PROBLEM STATEMENT – Copy all lines holding the word "representation" from the entries.

[Saved data entries]
(* Fix $\beta>2$ and let $F_\beta(\mathbf{x},r)$, $r_1^\beta$, $r_2^\beta$, $\mathbf{m}_0^\beta(r)$, $\boldsymbol{\sigma}_0^\beta(r)$, $\mathbf{p}^\beta(r)$ be as in the context. Then: (1) $\mathbf{m}_0^\beta(r)$ is a local minimum of $F_\beta(\cdot,r)$ for all $r\in(0,r_2^\beta)$; (2) $\boldsymbol{\sigma}_0^\beta(r)$ is a saddle point of $F_\beta(\cdot,r)$ for all $r>0$; (3) $\mathbf{p}^\beta(r)$ is a local maximum of $F_\beta(\cdot,r)$ for all $r\in(0,r_1^\beta)$, and a saddle point of $F_\beta(\cdot,r)$ for all $r\in(r_1^\beta,r_2^\beta)$.
   Context: $\Xi=\{(x_1,x_2): x_1,x_2\ge0,\ x_1+x_2\le1\}$, $x_0=1-x_1-x_2$, $\mathbf{v}_k=(\cos(2\pi k/3),\sin(2\pi k/3))$, and for $r\ge0$ $$F_\beta(\mathbf{x},r)=-\frac12\Big|\sum_{k=0}^2x_k\mathbf{v}_k\Big|^2+\frac1\beta\sum_{k=0}^2x_k\log(3x_k)+r\,x_0-\frac r2(x_1+x_2)$$ (Potts potential with external field of magnitude $r$ and angle $\pi$). Let $h(t)=-3t(1-2t)\log\frac{1-2t}{t}-3t+1$ on $(0,1/2)$, $f_r(t)=\frac{2}{3(1-r-3t)}\log\frac{1-2t}{t}$, $k_r=(1-r)/3$; for $0<r<1$, $m_0(r)$ is the unique solution in $(0,k_r)$ of $h(t)=r$ (equivalently of $f_r'(t)=0$), and $r\mapsto f_r(m_0(r))$ is increasing on $(0,1)$ with limit $\infty$ as $r\uparrow 1$. Let $r_2^\beta$ be the unique $r\in(0,1)$ with $f_r(m_0(r))=\beta$, and $r_1^\beta=1-\frac2\beta-\frac{2}{3\beta}\log\big(\frac{3\beta}2-2\big)$ (one has $r_1^\beta<r_2^\beta$). For $r\in(0,r_2^\beta)$, the equation $f_r(t)=\beta$ has exactly three solutions $p_\beta(r)<u_\beta(r)<q_\beta(r)$ in $(0,1/2)$, with $p_\beta(r)\in(0,m_0(r))$, $u_\beta(r)\in(m_0(r),k_r)$, $q_\beta(r)\in(1/3,1/2)$; for every $r>0$ the equation $f_r(t)=\beta$ has exactly one solution $q_\beta(r)$ in $(1/3,1/2)$. Define $\mathbf{m}_0^\beta(r)=(p_\beta(r),p_\beta(r))$, $\mathbf{p}^\beta(r)=(u_\beta(r),u_\beta(r))$ for $r\in(0,r_2^\beta)$, and $\boldsymbol{\sigma}_0^\beta(r)=(q_\beta(r),q_\beta(r))$ for $r>0$; these are critical points of $F_\beta(\cdot,r)$. A saddle point is a critical point where the Hessian (in $(x_1,x_2)$) has one positive and one negative eigenvalue. *)

theory Defs
  imports "HOL-Analysis.Analysis"
begin

definition pt :: "real \<Rightarrow> real \<Rightarrow> real^2" where
  "pt a b = vector [a, b]"

definition Xi :: "(real^2) set" where
  "Xi = {x. x$1 \<ge> 0 \<and> x$2 \<ge> 0 \<and> x$1 + x$2 \<le> 1}"

text \<open>Potts potential with external field of magnitude r and angle pi.
  x0 = 1 - x1 - x2, v_k = (cos(2 pi k/3), sin(2 pi k/3)).\<close>
definition Fb :: "real \<Rightarrow> real^2 \<Rightarrow> real \<Rightarrow> real" where
  "Fb \<beta> x r = (let x1 = x$1; x2 = x$2; x0 = 1 - x1 - x2;
      xs = (\<lambda>k::nat. if k = 0 then x0 else if k = 1 then x1 else x2);
      a = (\<Sum>k<3. xs k * cos (2 * pi * real k / 3));
      b = (\<Sum>k<3. xs k * sin (2 * pi * real k / 3))
    in - (1/2) * (a\<^sup>2 + b\<^sup>2) + (1/\<beta>) * (\<Sum>k<3. xs k * ln (3 * xs k))
       + r * x0 - (r/2) * (x1 + x2))"

definition h_fun :: "real \<Rightarrow> real" where
  "h_fun t = - 3 * t * (1 - 2*t) * ln ((1 - 2*t) / t) - 3 * t + 1"

definition f_fun :: "real \<Rightarrow> real \<Rightarrow> real" where
  "f_fun r t = 2 / (3 * (1 - r - 3*t)) * ln ((1 - 2*t) / t)"
(* Let $n\ge1$, $\mathfrak g=sl(n+1,\mathbb C)$, $a\in\mathbb C$ and $m(a)=-\tfrac12(a+n+1)$. Then the map $\rho_a$ defined by $\rho_a(X)=W\big(i\tilde X+\tfrac12 a\varphi_1(X)\big)$ for $X\in\mathfrak g$ is a representation of $\mathfrak g$ on $\mathcal P=\mathbb C[z_1,\dots,z_n]$, and for $f\in\mathcal P$, $1\le k\le n$ and $1\le i\ne j\le n$: $$(\rho_a(H_k)f)(z)=m(a)f(z)-z_k\partial_{z_k}f-\sum_{j=1}^n z_j\partial_{z_j}f,\qquad (\rho_a(E_{1,k+1})f)(z)=-m(a)z_kf(z)+z_k\sum_{j=1}^nz_j\partial_{z_j}f,$$ $$(\rho_a(E_{k+1,1})f)(z)=-\partial_{z_k}f,\qquad (\rho_a(E_{i+1,j+1})f)(z)=-z_j\partial_{z_i}f.$$
   Context: $E_{ij}$ is the $(n+1)\times(n+1)$ matrix with $1$ in entry $(i,j)$ and $0$ elsewhere, and $H_k=E_{k+1,k+1}-E_{11}$. Let $\Psi(p,q)$ be the $(n+1)\times(n+1)$ matrix whose first row is $(-\sum_j p_jq_j,\ q_1,\dots,q_n)$ and whose $(k+1)$-th row ($1\le k\le n$) is $p_k$ times the first row; for $X\in\mathfrak g$, $\tilde X(p,q)=\operatorname{Tr}(\Psi(p,q)X)\in\mathbb C[p,q]$. The linear map $\varphi_1:\mathfrak g\to\mathbb C[p,q]$ is determined by $\varphi_1(E_{11}-E_{22})=1$, $\varphi_1(E_{kk}-E_{k+1,k+1})=0$ for $k=2,\dots,n$, $\varphi_1(E_{1,k+1})=p_k$ for $k=1,\dots,n$, and $\varphi_1(E_{ij})=0$ for $i\ge2$, $j\neq i$. The Weyl correspondence $W$ sends polynomials in $(p,q)$ to linear operators on polynomials $\varphi(p)$, defined by linearity from $(W(u(p)q^\alpha)\varphi)(p)=(i\partial_s)^\alpha\big(u(p+\tfrac12s)\varphi(p+s)\big)|_{s=0}$ for a polynomial $u$ and $\alpha\in\mathbb N^n$; the resulting operators are regarded as acting on $\mathcal P$ by renaming the variable $p$ as $z$. *)

theory Defs
  imports Complex_Main "HOL-Library.Poly_Mapping"
begin

text \<open>A polynomial in variables indexed by type 'v is a finitely supported map from
  monomials (finitely supported exponent vectors) to complex coefficients;
  the multiplication of the library type is the convolution product.\<close>

type_synonym 'v mpoly = "('v \<Rightarrow>\<^sub>0 nat) \<Rightarrow>\<^sub>0 complex"

definition Var :: "'v \<Rightarrow> 'v mpoly" where
  "Var v = Poly_Mapping.single (Poly_Mapping.single v 1) 1"

definition Const :: "complex \<Rightarrow> 'v mpoly" where
  "Const c = Poly_Mapping.single 0 c"

definition pd :: "'v \<Rightarrow> 'v mpoly \<Rightarrow> 'v mpoly" where
  "pd v F = (\<Sum>m\<in>Poly_Mapping.keys F.
      Poly_Mapping.single (m - Poly_Mapping.single v (1::nat))
        (Poly_Mapping.lookup F m * of_nat (Poly_Mapping.lookup (m :: 'v \<Rightarrow>\<^sub>0 nat) v)))"

definition subst :: "('v \<Rightarrow> 'w mpoly) \<Rightarrow> 'v mpoly \<Rightarrow> 'w mpoly" where
  "subst \<sigma> F = (\<Sum>m\<in>Poly_Mapping.keys F. Const (Poly_Mapping.lookup F m) * (\<Prod>v\<in>Poly_Mapping.keys m. \<sigma> v ^ Poly_Mapping.lookup m v))"

text \<open>The representation space P = C[z_1,...,z_n]: polynomials in variables indexed by nat,
  involving only the variables 1..n.\<close>
definition Pspace :: "nat \<Rightarrow> nat mpoly set" where
  "Pspace n = {f. \<forall>m\<in>Poly_Mapping.keys f. Poly_Mapping.keys m \<subseteq> {1..n}}"

text \<open>Polynomials in (p,q): variable Inl k is p_k and Inr k is q_k (k = 1..n).\<close>
abbreviation pv :: "nat \<Rightarrow> (nat + nat) mpoly" where "pv k \<equiv> Var (Inl k)"
abbreviation qv :: "nat \<Rightarrow> (nat + nat) mpoly" where "qv k \<equiv> Var (Inr k)"

text \<open>Matrices are functions nat => nat => complex with indices 1..n+1 (entries outside are 0).\<close>
type_synonym cmat = "nat \<Rightarrow> nat \<Rightarrow> complex"

definition sl :: "nat \<Rightarrow> cmat set" where
  "sl n = {X. (\<forall>i j. (i \<notin> {1..n+1} \<or> j \<notin> {1..n+1}) \<longrightarrow> X i j = 0)
              \<and> (\<Sum>i=1..n+1. X i i) = 0}"

definition E :: "nat \<Rightarrow> nat \<Rightarrow> cmat" where
  "E i j = (\<lambda>a b. if a = i \<and> b = j then 1 else 0)"

definition madd :: "cmat \<Rightarrow> cmat \<Rightarrow> cmat" where
  "madd X Y = (\<lambda>i j. X i j + Y i j)"

definition msub :: "cmat \<Rightarrow> cmat \<Rightarrow> cmat" where
  "msub X Y = (\<lambda>i j. X i j - Y i j)"

definition msmult :: "complex \<Rightarrow> cmat \<Rightarrow> cmat" where
  "msmult c X = (\<lambda>i j. c * X i j)"

definition mmult :: "nat \<Rightarrow> cmat \<Rightarrow> cmat \<Rightarrow> cmat" where
  "mmult n X Y = (\<lambda>i j. \<Sum>k=1..n+1. X i k * Y k j)"

definition bracket :: "nat \<Rightarrow> cmat \<Rightarrow> cmat \<Rightarrow> cmat" where
  "bracket n X Y = msub (mmult n X Y) (mmult n Y X)"

definition H :: "nat \<Rightarrow> cmat" where
  "H k = msub (E (k+1) (k+1)) (E 1 1)"

definition Psi_row1 :: "nat \<Rightarrow> nat \<Rightarrow> (nat + nat) mpoly" where
  "Psi_row1 n b = (if b = 1 then - (\<Sum>j=1..n. pv j * qv j)
                   else if 2 \<le> b \<and> b \<le> n+1 then qv (b - 1) else 0)"

definition Psi :: "nat \<Rightarrow> nat \<Rightarrow> nat \<Rightarrow> (nat + nat) mpoly" where
  "Psi n a b = (if a = 1 then Psi_row1 n b
                else if 2 \<le> a \<and> a \<le> n+1 then pv (a - 1) * Psi_row1 n b else 0)"

definition tilde :: "nat \<Rightarrow> cmat \<Rightarrow> (nat + nat) mpoly" where
  "tilde n X = (\<Sum>a=1..n+1. \<Sum>b=1..n+1. Psi n a b * Const (X b a))"

text \<open>phi_1: the unique linear map on sl(n+1) with the prescribed values on the basis
  (extended by 0 outside sl(n+1), to make it a unique total function).\<close>
definition phi1 :: "nat \<Rightarrow> cmat \<Rightarrow> (nat + nat) mpoly" where
  "phi1 n = (THE \<phi>.
      (\<forall>X\<in>sl n. \<forall>Y\<in>sl n. \<phi> (madd X Y) = \<phi> X + \<phi> Y)
    \<and> (\<forall>X\<in>sl n. \<forall>c. \<phi> (msmult c X) = Const c * \<phi> X)
    \<and> \<phi> (msub (E 1 1) (E 2 2)) = 1
    \<and> (\<forall>k. 2 \<le> k \<and> k \<le> n \<longrightarrow> \<phi> (msub (E k k) (E (k+1) (k+1))) = 0)
    \<and> (\<forall>k. 1 \<le> k \<and> k \<le> n \<longrightarrow> \<phi> (E 1 (k+1)) = pv k)
    \<and> (\<forall>i j. 2 \<le> i \<and> i \<le> n+1 \<and> 1 \<le> j \<and> j \<le> n+1 \<and> j \<noteq> i \<longrightarrow> \<phi> (E i j) = 0)
    \<and> (\<forall>X. X \<notin> sl n \<longrightarrow> \<phi> X = 0))"

text \<open>Auxiliary ring: polynomials in (p,s), variable Inl k is p_k, Inr k is s_k.
  (W(u(p) q^alpha) phi)(p) = (i d_s)^alpha (u(p + s/2) phi(p+s)) at s = 0,
  then p renamed to z.  We apply it to monomials u = p^beta and extend linearly.\<close>

definition iDs :: "(nat \<Rightarrow>\<^sub>0 nat) \<Rightarrow> (nat + nat) mpoly \<Rightarrow> (nat + nat) mpoly" where
  "iDs \<alpha> G = foldr (\<lambda>k g. ((\<lambda>h. Const \<i> * pd (Inr k) h) ^^ Poly_Mapping.lookup \<alpha> k) g)
                   (sorted_list_of_set (Poly_Mapping.keys \<alpha>)) G"

definition Wmon :: "(nat \<Rightarrow>\<^sub>0 nat) \<Rightarrow> (nat \<Rightarrow>\<^sub>0 nat) \<Rightarrow> nat mpoly \<Rightarrow> nat mpoly" where
  "Wmon \<beta> \<alpha> f =
     (let u_shift = (\<Prod>k\<in>Poly_Mapping.keys \<beta>. (Var (Inl k) + Const (1/2) * Var (Inr k)) ^ Poly_Mapping.lookup \<beta> k);
          f_shift = subst (\<lambda>k. Var (Inl k) + Var (Inr k)) f
      in subst (\<lambda>v. case v of Inl k \<Rightarrow> Var k | Inr k \<Rightarrow> 0) (iDs \<alpha> (u_shift * f_shift)))"

definition ppart :: "((nat + nat) \<Rightarrow>\<^sub>0 nat) \<Rightarrow> (nat \<Rightarrow>\<^sub>0 nat)" where
  "ppart m = Abs_poly_mapping (\<lambda>k. Poly_Mapping.lookup m (Inl k))"
definition qpart :: "((nat + nat) \<Rightarrow>\<^sub>0 nat) \<Rightarrow> (nat \<Rightarrow>\<^sub>0 nat)" where
  "qpart m = Abs_poly_mapping (\<lambda>k. Poly_Mapping.lookup m (Inr k))"

definition W :: "(nat + nat) mpoly \<Rightarrow> nat mpoly \<Rightarrow> nat mpoly" where
  "W F f = (\<Sum>m\<in>Poly_Mapping.keys F. Const (Poly_Mapping.lookup F m) * Wmon (ppart m) (qpart m) f)"

definition rho :: "nat \<Rightarrow> complex \<Rightarrow> cmat \<Rightarrow> nat mpoly \<Rightarrow> nat mpoly" where
  "rho n a X = W (Const \<i> * tilde n X + Const (a/2) * phi1 n X)"

definition mA :: "nat \<Rightarrow> complex \<Rightarrow> complex" where
  "mA n a = - (a + of_nat n + 1) / 2"

end

theory Submission
  imports Defs
begin

text \<open>Write \<open>l\<^sub>r(z)\<close> for the \<open>r\<close>-th entry of \<open>X\<close> applied to the homogeneous coordinates
  \<open>(1, z\<^sub>1, ..., z\<^sub>n)\<close>, and \<open>g\<^sub>j = z\<^sub>j l\<^sub>1 - l\<^sub>j\<^sub>+\<^sub>1\<close>. The symbol of \<open>\<rho>\<^sub>a(X)\<close> has degree at most
  one in \<open>q\<close>: \<open>tilde X = - \<Sum>\<^sub>j g\<^sub>j(p) q\<^sub>j\<close> and \<open>\<phi>\<^sub>1(X) = l\<^sub>1(p)\<close>. The Weyl correspondence sends \<open>u(p)\<close>
  to multiplication by \<open>u\<close> and \<open>u(p) q\<^sub>j\<close> to \<open>i (u \<partial>\<^sub>j + 1/2 \<partial>\<^sub>ju)\<close>, hence
  \<open>\<rho>\<^sub>a(X) = \<Sum>\<^sub>j g\<^sub>j \<partial>\<^sub>j + 1/2 div g + a/2 l\<^sub>1\<close>, and \<open>div g = (n+1) l\<^sub>1\<close> because \<open>X\<close> is traceless.
  So \<open>\<rho>\<^sub>a(X) = -m(a) l\<^sub>1 + \<Sum>\<^sub>j g\<^sub>j \<partial>\<^sub>j\<close> is a first order operator, \<open>g\<close> being the vector field of
  the projective action of \<open>-X\<close>. Commutators of first order operators are of first order,
  and comparing coefficients reduces the bracket relation to the entries of \<open>XY\<close> and \<open>YX\<close>;
  the explicit formulas are the cases \<open>X = H\<^sub>k, E\<^sub>i\<^sub>j\<close>.\<close>

abbreviation lookup :: "('a \<Rightarrow>\<^sub>0 'b::zero) \<Rightarrow> 'a \<Rightarrow> 'b" where
  "lookup \<equiv> Poly_Mapping.lookup"

abbreviation keys :: "('a \<Rightarrow>\<^sub>0 'b::zero) \<Rightarrow> 'a set" where
  "keys \<equiv> Poly_Mapping.keys"

abbreviation single :: "'a \<Rightarrow> 'b::zero \<Rightarrow> 'a \<Rightarrow>\<^sub>0 'b" where
  "single \<equiv> Poly_Mapping.single"

section \<open>Calculus of polynomials\<close>

lemma lookup_single_eq: "lookup (single k v) k' = (if k = k' then v else 0)"
  by (simp add: Poly_Mapping.lookup_single when_def)

lemma Const_add: "Const (a + b) = Const a + Const b"
  by (simp add: Const_def Poly_Mapping.single_add)

lemma Const_mult: "Const (a * b) = (Const a * Const b :: 'v mpoly)"
  by (simp add: Const_def Poly_Mapping.mult_single)

lemma Const_0 [simp]: "Const 0 = 0"
  by (simp add: Const_def)

lemma Const_1 [simp]: "Const 1 = 1"
  by (simp add: Const_def)

lemma Const_uminus: "Const (- a) = - Const a"
  by (simp add: Const_def Poly_Mapping.single_uminus)

lemma Const_diff: "Const (a - b) = Const a - Const b"
  by (simp add: Const_def Poly_Mapping.single_diff)

lemma Const_sum: "Const (\<Sum>x\<in>S. f x) = (\<Sum>x\<in>S. Const (f x))"
  by (induction S rule: infinite_finite_induct) (auto simp: Const_add)

lemma Const_mult_single: "Const c * single m d = single m (c * d)"
  by (simp add: Const_def Poly_Mapping.mult_single)

lemma single_eq_Const_mult: "single m c = Const c * single m 1"
  by (simp add: Const_mult_single)

lemma Const_of_nat: "Const (of_nat k) = of_nat k"
  by (induction k) (simp_all add: Const_add)

lemma Const_i_squared: "Const \<i> * (Const \<i> * F) = - (F :: 'v mpoly)"
proof -
  have "Const \<i> * Const \<i> = (Const (-1) :: 'v mpoly)"
    by (simp flip: Const_mult)
  then show ?thesis
    by (simp add: mult.assoc[symmetric] Const_uminus)
qed

lemma poly_mapping_single_induct:
  fixes f :: "'a \<Rightarrow>\<^sub>0 'b::monoid_add"
  assumes "P 0" and "\<And>m c f. P f \<Longrightarrow> P (single m c + f)"
  shows "P f"
proof (induction f rule: Poly_Mapping.update_induct)
  case const
  then show ?case using assms(1) by simp
next
  case (update f a b)
  have "Poly_Mapping.update a b f = single a b + f"
    using update.hyps
    by (intro poly_mapping_eqI)
       (auto simp: Poly_Mapping.lookup_update lookup_add lookup_single_eq in_keys_iff)
  then show ?case using assms(2)[OF update.IH] by simp
qed

lemma monomial_induct:
  fixes m :: "'v \<Rightarrow>\<^sub>0 nat"
  assumes "P 0" and "\<And>m v. P m \<Longrightarrow> P (m + single v 1)"
  shows "P m"
proof (induction m rule: poly_mapping_single_induct)
  case 1
  then show ?case using assms(1) by simp
next
  case (2 v k f)
  show ?case
  proof (induction k)
    case 0
    then show ?case using 2 by simp
  next
    case (Suc k)
    have "single v (Suc k) + f = (single v k + f) + single v 1"
      by (simp add: Poly_Mapping.single_add[symmetric] add_ac)
    with Suc assms(2) show ?case by metis
  qed
qed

EXERCISE RESULT –
(* Let $n\ge1$, $\mathfrak g=sl(n+1,\mathbb C)$, $a\in\mathbb C$ and $m(a)=-\tfrac12(a+n+1)$. Then the map $\rho_a$ defined by $\rho_a(X)=W\big(i\tilde X+\tfrac12 a\varphi_1(X)\big)$ for $X\in\mathfrak g$ is a representation of $\mathfrak g$ on $\mathcal P=\mathbb C[z_1,\dots,z_n]$, and for $f\in\mathcal P$, $1\le k\le n$ and $1\le i\ne j\le n$: $$(\rho_a(H_k)f)(z)=m(a)f(z)-z_k\partial_{z_k}f-\sum_{j=1}^n z_j\partial_{z_j}f,\qquad (\rho_a(E_{1,k+1})f)(z)=-m(a)z_kf(z)+z_k\sum_{j=1}^nz_j\partial_{z_j}f,$$ $$(\rho_a(E_{k+1,1})f)(z)=-\partial_{z_k}f,\qquad (\rho_a(E_{i+1,j+1})f)(z)=-z_j\partial_{z_i}f.$$
text \<open>The representation space P = C[z_1,...,z_n]: polynomials in variables indexed by nat,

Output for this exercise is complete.